Novartis has unveiled further findings from a late-stage trial of its experimental multiple sclerosis drug BAF312 (siponimod), showing that the drug cut the risk of disability progression in adults with secondary progressive forms of the disease.
Secondary progressive multiple sclerosis (SPMS) is a type of MS characterised by continuous worsening of neurological function over time, independent of relapses.

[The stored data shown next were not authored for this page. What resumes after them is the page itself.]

(* Let $\eta\in\mathbb{R}$, $h>0$, $x_0\in\mathbb{R}$, and let $(\Delta W_n)_{n\ge0}$ be i.i.d. $\mathcal{N}(0,h)$ random variables. Define the Milstein iterates for the SDE $\mathrm{d}x_t=-x_t\,\mathrm{d}t+(1+\eta x_t)\,\mathrm{d}W_t$ by $$x_{n+1}=(1-h)x_n+(1+\eta x_n)\Delta W_n+\tfrac12\eta(1+\eta x_n)\big(\Delta W_n^2-h\big),$$ starting from the deterministic value $x_0$, and let $\mu^{(1)}_n=\mathbb{E}[x_n]$, $\mu^{(2)}_n=\mathbb{E}[x_n^2]$. Then $\mu^{(1)}_{n+1}=(1-h)\mu^{(1)}_n$ (so $\mu^{(1)}_n\to0$ for every $x_0$ if and only if $0<h<2$), $$\mu^{(2)}_{n+1}=\Big(1-(2-\eta^2)h+\big(1+\tfrac12\eta^4\big)h^2\Big)\mu^{(2)}_n+\big(h+\tfrac12h^2\eta^2\big)\big(1+2\eta\mu^{(1)}_n\big),$$ and if $0<h<\dfrac{2-\eta^2}{1+\frac12\eta^4}$ then $$\mu^{(2)}_n\to\frac{1+\frac12h\eta^2}{2-\eta^2-h\big(1+\frac12\eta^4\big)}\quad(n\to\infty),$$ which equals $\frac{1}{2-\eta^2}+O(h)$ as $h\to0$ for fixed $\eta$ with $\eta^2<2$.
   Context: Here $\Delta W_n$ is independent of $x_0,\dots,x_n$. *)

theory Defs
  imports "HOL-Probability.Probability" "HOL-Library.Landau_Symbols"
begin

fun milstein :: "real \<Rightarrow> real \<Rightarrow> real \<Rightarrow> (nat \<Rightarrow> 'a \<Rightarrow> real) \<Rightarrow> nat \<Rightarrow> 'a \<Rightarrow> real" where
  "milstein eta h x0 dW 0 \<omega> = x0"
| "milstein eta h x0 dW (Suc n) \<omega> =
     (let x = milstein eta h x0 dW n \<omega>; d = dW n \<omega>
      in (1 - h) * x + (1 + eta * x) * d + 1/2 * eta * (1 + eta * x) * (d\<^sup>2 - h))"

end

theory Submission
  imports Defs
begin

text \<open>One Milstein step is affine in the current state: \<open>x\<^sub>n\<^sub>+\<^sub>1 = x\<^sub>n B(\<Delta>W\<^sub>n) + A(\<Delta>W\<^sub>n)\<close> with
  quadratic polynomials \<open>A, B\<close>. Since \<open>x\<^sub>n\<close> is a function of \<open>\<Delta>W\<^sub>0, \<dots>, \<Delta>W\<^sub>n\<^sub>-\<^sub>1\<close>, it is independent
  of \<open>\<Delta>W\<^sub>n\<close>, so the first two moments of \<open>x\<^sub>n\<^sub>+\<^sub>1\<close> are obtained from those of \<open>x\<^sub>n\<close> and the
  Gaussian moments of \<open>\<Delta>W\<^sub>n\<close> up to order four. This yields the two linear recurrences; the
  mean decays geometrically, and the second moment then satisfies a contracting affine
  recurrence with a convergent inhomogeneity, whose limit is its fixed point.\<close>

definition milstein_step :: "real \<Rightarrow> real \<Rightarrow> real \<Rightarrow> real \<Rightarrow> real" where
  "milstein_step eta h x d = (1 - h) * x + (1 + eta * x) * d + 1/2 * eta * (1 + eta * x) * (d\<^sup>2 - h)"

lemma milstein_0: "milstein eta h x0 dW 0 = (\<lambda>_. x0)"
  by (simp add: fun_eq_iff)

lemma milstein_Suc:
  "milstein eta h x0 dW (Suc n) = (\<lambda>\<omega>. milstein_step eta h (milstein eta h x0 dW n \<omega>) (dW n \<omega>))"
  by (simp add: fun_eq_iff milstein_step_def Let_def)

lemma milstein_cong:
  assumes "\<And>i. i < n \<Longrightarrow> dW i \<omega> = dW' i \<omega>'"
  shows "milstein eta h x0 dW n \<omega> = milstein eta h x0 dW' n \<omega>'"
  using assms by (induction n) (simp_all add: Let_def)

text \<open>Running the scheme on the coordinate process exhibits \<open>x\<^sub>n\<close> as a measurable function
  of \<open>(\<Delta>W\<^sub>0, \<dots>, \<Delta>W\<^sub>n\<^sub>-\<^sub>1)\<close>.\<close>

lemma measurable_milstein_coordinates:
  "n \<le> m \<Longrightarrow> milstein eta h x0 (\<lambda>i f. f i) n \<in> borel_measurable (PiM {..<m} (\<lambda>_. borel))"
proof (induction n)
  case (Suc n)
  then have [measurable]: "milstein eta h x0 (\<lambda>i f. f i) n \<in> borel_measurable (PiM {..<m} (\<lambda>_. borel))"
    and [measurable]: "(\<lambda>f. f n) \<in> borel_measurable (PiM {..<m} (\<lambda>_. borel))"
    by (auto intro: measurable_component_singleton)
  show ?case
    unfolding milstein_Suc milstein_step_def by measurable
qed (simp add: milstein_0)

lemma (in prob_space) indep_var_milstein_increment:
  assumes "indep_vars (\<lambda>_. borel) dW UNIV"
  shows "indep_var borel (milstein eta h x0 dW n) borel (dW n)"
proof -
  let ?past = "\<lambda>\<omega>. restrict (\<lambda>i. dW i \<omega>) {..<n}" and ?now = "\<lambda>\<omega>. restrict (\<lambda>i. dW i \<omega>) {n}"
  have "indep_var (PiM {..<n} (\<lambda>_. borel)) ?past (PiM {n} (\<lambda>_. borel)) ?now"
    using assms by (rule indep_var_restrict) auto
  then have "indep_var borel (milstein eta h x0 (\<lambda>i f. f i) n \<circ> ?past) borel ((\<lambda>f. f n) \<circ> ?now)"
    by (rule indep_var_compose)
      (auto intro: measurable_milstein_coordinates measurable_component_singleton)
  moreover have "milstein eta h x0 (\<lambda>i f. f i) n \<circ> ?past = milstein eta h x0 dW n"
    by (auto simp: fun_eq_iff intro: milstein_cong)
  ultimately show ?thesis
    by (simp add: comp_def)
qed

lemma (in prob_space) indep_var_integral_mult:
  fixes f g :: "real \<Rightarrow> real"
  assumes "indep_var borel X borel Y" "f \<in> borel_measurable borel" "g \<in> borel_measurable borel"
    and "integrable M (\<lambda>\<omega>. f (X \<omega>))" "integrable M (\<lambda>\<omega>. g (Y \<omega>))"
  shows "integrable M (\<lambda>\<omega>. f (X \<omega>) * g (Y \<omega>))"
    and "expectation (\<lambda>\<omega>. f (X \<omega>) * g (Y \<omega>)) = expectation (\<lambda>\<omega>. f (X \<omega>)) * expectation (\<lambda>\<omega>. g (Y \<omega>))"
proof -
  have "indep_var borel (f \<circ> X) borel (g \<circ> Y)"
    using assms(1-3) by (rule indep_var_compose)
  then show "integrable M (\<lambda>\<omega>. f (X \<omega>) * g (Y \<omega>))"
    and "expectation (\<lambda>\<omega>. f (X \<omega>) * g (Y \<omega>)) = expectation (\<lambda>\<omega>. f (X \<omega>)) * expectation (\<lambda>\<omega>. g (Y \<omega>))"
    using indep_var_integrable indep_var_lebesgue_integral assms(4,5) by (simp_all add: comp_def)
qed

lemma (in prob_space) centred_normal_moments:
  assumes "0 < \<sigma>" and D: "distributed M lborel X (normal_density 0 \<sigma>)"
  shows "integrable M (\<lambda>\<omega>. X \<omega> ^ k)"
    and "expectation X = 0" "expectation (\<lambda>\<omega>. X \<omega> ^ 2) = \<sigma>\<^sup>2"
    and "expectation (\<lambda>\<omega>. X \<omega> ^ 3) = 0" "expectation (\<lambda>\<omega>. X \<omega> ^ 4) = 3 * \<sigma> ^ 4"
proof -
  have moment: "expectation (\<lambda>\<omega>. X \<omega> ^ k) = (\<integral>x. normal_density 0 \<sigma> x * x ^ k \<partial>lborel)" for k
    by (rule distributed_integral[OF D, symmetric]) auto
  show "integrable M (\<lambda>\<omega>. X \<omega> ^ k)"
    using distributed_integrable[OF D, of "\<lambda>x. x ^ k"] integrable_normal_moment[OF \<open>0 < \<sigma>\<close>, of 0 k]
    by simp
  show "expectation X = 0"
    using moment[of 1] integral_normal_moment_odd[OF \<open>0 < \<sigma>\<close>, of 0 0] by simp
  show "expectation (\<lambda>\<omega>. X \<omega> ^ 3) = 0"
    using moment[of 3] integral_normal_moment_odd[OF \<open>0 < \<sigma>\<close>, of 0 1] by (simp add: numeral_3_eq_3)
  show "expectation (\<lambda>\<omega>. X \<omega> ^ 2) = \<sigma>\<^sup>2"
    using moment[of 2] integral_normal_moment_even[OF \<open>0 < \<sigma>\<close>, of 0 1] \<open>0 < \<sigma>\<close> by simp
  show "expectation (\<lambda>\<omega>. X \<omega> ^ 4) = 3 * \<sigma> ^ 4"
    using moment[of 4] integral_normal_moment_even[OF \<open>0 < \<sigma>\<close>, of 0 2] \<open>0 < \<sigma>\<close>
    by (simp add: fact_numeral field_simps)
qed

Most people with relapsing remitting forms of MS will eventually go on to develop SPMS; on average, around 65 percent will develop SPMS 15 years after being diagnosed, according to the MS Society.

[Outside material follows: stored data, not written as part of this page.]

(* Let $m\ge2$, $k\ge2$, $n\ge1$, $\mathcal{A}=(a_{i_1i_2\cdots i_m})\in\mathbb{C}^{[m,n]}$ and $\mathcal{B}=(b_{i_1i_2\cdots i_k})\in\mathbb{C}^{[k,n]}$, and suppose the digraph $\Gamma_{\mathcal{A}\mathcal{B}}$ is weakly connected. For $i\in[n]$ let $c_{i\cdots i}=\sum_{i_2,\ldots,i_m=1}^n a_{ii_2\cdots i_m}b_{i_2i\cdots i}\cdots b_{i_mi\cdots i}$ (the diagonal entries of $\mathcal{A}\mathcal{B}$). Then \[\sigma(\mathcal{A}\mathcal{B})\subseteq\mathbf{B}=\bigcup_{\gamma\in C(\mathcal{A}\mathcal{B})}\Big\{z\in\mathbb{C}:\prod_{i\in\gamma}|z-c_{i\cdots i}|\le\prod_{i\in\gamma}\big(r_i(\mathcal{A})(R(\mathcal{B}))^{m-1}-|c_{i\cdots i}|\big)\Big\}\subseteq\mathbf{G},\] where $\mathbf{G}=\bigcup_{i\in[n]}\{z\in\mathbb{C}:|z-c_{i\cdots i}|\le r_i(\mathcal{A})(R(\mathcal{B}))^{m-1}-|c_{i\cdots i}|\}$.
   Context: $[n]=\{1,\ldots,n\}$. $\mathbb{C}^{[m,n]}$ denotes the set of order $m$, dimension $n$ complex tensors. For a tensor $\mathcal{T}=(t_{i_1\cdots i_p})$ of order $p$ and dimension $n$: $r_i(\mathcal{T})=\sum_{i_2,\ldots,i_p=1}^n|t_{ii_2\cdots i_p}|$, $R(\mathcal{T})=\max_{i\in[n]}r_i(\mathcal{T})$. General product: $\mathcal{A}\mathcal{B}=(c_{i\alpha_1\cdots\alpha_{m-1}})$ is the order $(m-1)(k-1)+1$, dimension $n$ tensor with $c_{i\alpha_1\cdots\alpha_{m-1}}=\sum_{i_2,\ldots,i_m=1}^n a_{ii_2\cdots i_m}b_{i_2\alpha_1}\cdots b_{i_m\alpha_{m-1}}$, $i\in[n]$, $\alpha_j\in[n]^{k-1}$ (where $b_{j\alpha}$ with $\alpha=(j_2,\ldots,j_k)$ means $b_{jj_2\cdots j_k}$). Eigenvalues of a tensor $\mathcal{T}$ of order $p\ge2$: $\lambda\in\mathbb{C}$ such that there is a nonzero $x\in\mathbb{C}^n$ with $\sum_{i_2,\ldots,i_p=1}^n t_{ii_2\cdots i_p}x_{i_2}\cdots x_{i_p}=\lambda x_i^{p-1}$ for all $i\in[n]$; $\sigma(\mathcal{T})$ is the set of eigenvalues. Digraph: for a tensor $\mathcal{T}=(t_{i_1\cdots i_p})$ of dimension $n$, $\Gamma_{\mathcal{T}}$ has vertex set $[n]$ and arc set $\{(i,j): t_{ii_2\cdots i_p}\neq0 \text{ for some } (i_2,\ldots,i_p)\neq(i,\ldots,i) \text{ with } j\in\{i_2,\ldots,i_p\}\}$. A circuit is a sequence of distinct vertices $i_1,\ldots,i_q$ ($q\ge1$) with arcs $(i_1,i_2),\ldots,(i_{q-1},i_q),(i_q,i_1)$ (for $q=1$, a loop $(i_1,i_1)$); $C(\mathcal{T})$ is the set of circuits of $\Gamma_{\mathcal{T}}$, and $i\in\gamma$ means $i$ is a vertex of the circuit $\gamma$. $\Gamma_{\mathcal{T}}$ is called weakly connected if every vertex belongs to some circuit. *)

theory Defs
  imports Complex_Main
begin

text \<open>Conventions: the index set [n] is represented by {0..<n}. A tensor of order p and
dimension n is a function T :: nat list \<Rightarrow> complex; only its values on index lists
of length p with entries < n matter. The entry t_{i_1...i_p} is T [i_1,...,i_p].\<close>

definition tidx :: "nat \<Rightarrow> nat \<Rightarrow> nat list set" where
  "tidx p n = {xs. length xs = p \<and> (\<forall>x\<in>set xs. x < n)}"

definition rsum :: "(nat list \<Rightarrow> complex) \<Rightarrow> nat \<Rightarrow> nat \<Rightarrow> nat \<Rightarrow> real" where
  "rsum T p n i = (\<Sum>ys\<in>tidx (p - 1) n. cmod (T (i # ys)))"

definition Rmax :: "(nat list \<Rightarrow> complex) \<Rightarrow> nat \<Rightarrow> nat \<Rightarrow> real" where
  "Rmax T p n = Max ((\<lambda>i. rsum T p n i) ` {..<n})"

text \<open>General product of A (order m) and B (order k), dimension n; the result has order
(m-1)(k-1)+1 and entry at i # alpha_1 @ ... @ alpha_{m-1} (each alpha_j of length k-1).\<close>
definition tprod :: "(nat list \<Rightarrow> complex) \<Rightarrow> nat \<Rightarrow> (nat list \<Rightarrow> complex) \<Rightarrow> nat \<Rightarrow> nat
    \<Rightarrow> nat list \<Rightarrow> complex" where
  "tprod A m B k n xs =
     (\<Sum>is\<in>tidx (m - 1) n. A (hd xs # is) *
        (\<Prod>j<m - 1. B ((is ! j) # take (k - 1) (drop (1 + j * (k - 1)) xs))))"

definition is_eig :: "(nat list \<Rightarrow> complex) \<Rightarrow> nat \<Rightarrow> nat \<Rightarrow> complex \<Rightarrow> bool" where
  "is_eig T p n lam \<longleftrightarrow> (\<exists>x :: nat \<Rightarrow> complex. (\<exists>i<n. x i \<noteq> 0) \<and>
     (\<forall>i<n. (\<Sum>is\<in>tidx (p - 1) n. T (i # is) * (\<Prod>j<p - 1. x (is ! j))) = lam * x i ^ (p - 1)))"

definition spectrum_t :: "(nat list \<Rightarrow> complex) \<Rightarrow> nat \<Rightarrow> nat \<Rightarrow> complex set" where
  "spectrum_t T p n = {lam. is_eig T p n lam}"

definition arc :: "(nat list \<Rightarrow> complex) \<Rightarrow> nat \<Rightarrow> nat \<Rightarrow> nat \<Rightarrow> nat \<Rightarrow> bool" where
  "arc T p n i j \<longleftrightarrow> i < n \<and> j < n \<and>
     (\<exists>ys\<in>tidx (p - 1) n. T (i # ys) \<noteq> 0 \<and> ys \<noteq> replicate (p - 1) i \<and> j \<in> set ys)"

definition circuit :: "(nat list \<Rightarrow> complex) \<Rightarrow> nat \<Rightarrow> nat \<Rightarrow> nat list \<Rightarrow> bool" where
  "circuit T p n cs \<longleftrightarrow> cs \<noteq> [] \<and> distinct cs \<and> (\<forall>x\<in>set cs. x < n) \<and>
     (\<forall>j<length cs. arc T p n (cs ! j) (cs ! ((j + 1) mod length cs)))"

definition weakly_connected :: "(nat list \<Rightarrow> complex) \<Rightarrow> nat \<Rightarrow> nat \<Rightarrow> bool" where
  "weakly_connected T p n \<longleftrightarrow> (\<forall>i<n. \<exists>cs. circuit T p n cs \<and> i \<in> set cs)"

end

theory Submission
  imports Defs
begin

text \<open>For an eigenpair (\<lambda>, x), write the i-th eigen-equation as
  (\<lambda> - t_{i..i}) x_i^q = \<Sum>_{\<alpha> off-diagonal} t_{i\<alpha>} x_\<alpha>.
Choosing for every vertex i an out-neighbour s(i) of largest |x|, this gives
  |\<lambda> - t_{i..i}| |x_i|^q \<le> r'_i |x_{s(i)}|^q  with r'_i the off-diagonal row sum.
Following s from a vertex with x_i \<noteq> 0 eventually closes a circuit of \<Gamma>_T on which x does
not vanish (otherwise \<lambda> = t_{i..i} for some i and any circuit through i works), and
multiplying the inequalities around that circuit cancels the |x|-factors.  For T = AB the
off-diagonal row sums are bounded by r_i(A) R(B)^{m-1} - |c_i| because the row sums of the
product factor into those of A and B; the inclusion of the ovals in the discs is the fact that
a product inequality forces one factor inequality.\<close>

lemma finite_tidx: "finite (tidx p n)"
proof -
  have "tidx p n \<subseteq> {xs. set xs \<subseteq> {..<n} \<and> length xs = p}"
    by (auto simp: tidx_def)
  thus ?thesis using finite_lists_length_eq[of "{..<n}" p] finite_subset by blast
qed

lemma replicate_in_tidx: "i < n \<Longrightarrow> replicate p i \<in> tidx p n"
  by (simp add: tidx_def)

lemma tidx_0: "tidx 0 n = {[]}"
  by (auto simp: tidx_def)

Siponimod is a selective modulator of specific types of the sphingosine-1-phosphate (S1P) receptor, commonly found on the surface of specific cells in the central nervous system responsible for causing damage that drives loss of function in SPMS. The drug enters the brain binding to these specific receptors, which may prevent the activation of these harmful cells, potentially helping to reduce loss of physical and cognitive function associated with the condition.
Top-line data from the Phase III EXPAND study show that treatment with siponimod reduced the risk of three-month confirmed disability progression by 21 percent compared with placebo, and there was also a consistent reduction in the risk across predefined subgroups, including patients without relapse, the firm said.
Also observed was a significant difference in favour of siponimod versus placebo in annualised relapse rate, the percent change in brain volume, and change from baseline in the volume of T2 lesions, though the difference in change from baseline in the Timed 25-Foot Walk test was not significant.
In the trial, which Novartis claims is the largest randomised, controlled study in SPMS to date, the drug was found to be generally safe and well tolerated, with a profile comparable to others in the same class.
"There are very few available treatment options to delay disease progression in SPMS, and there is a high unmet need for effective therapies with an acceptable safety profile for people with the condition," said Vasant Narasimhan, global head Drug Development and chief medical officer at Novartis.
"These data are a positive stride forward in an unserved disease area, and we look forward to evaluating next steps with health authorities."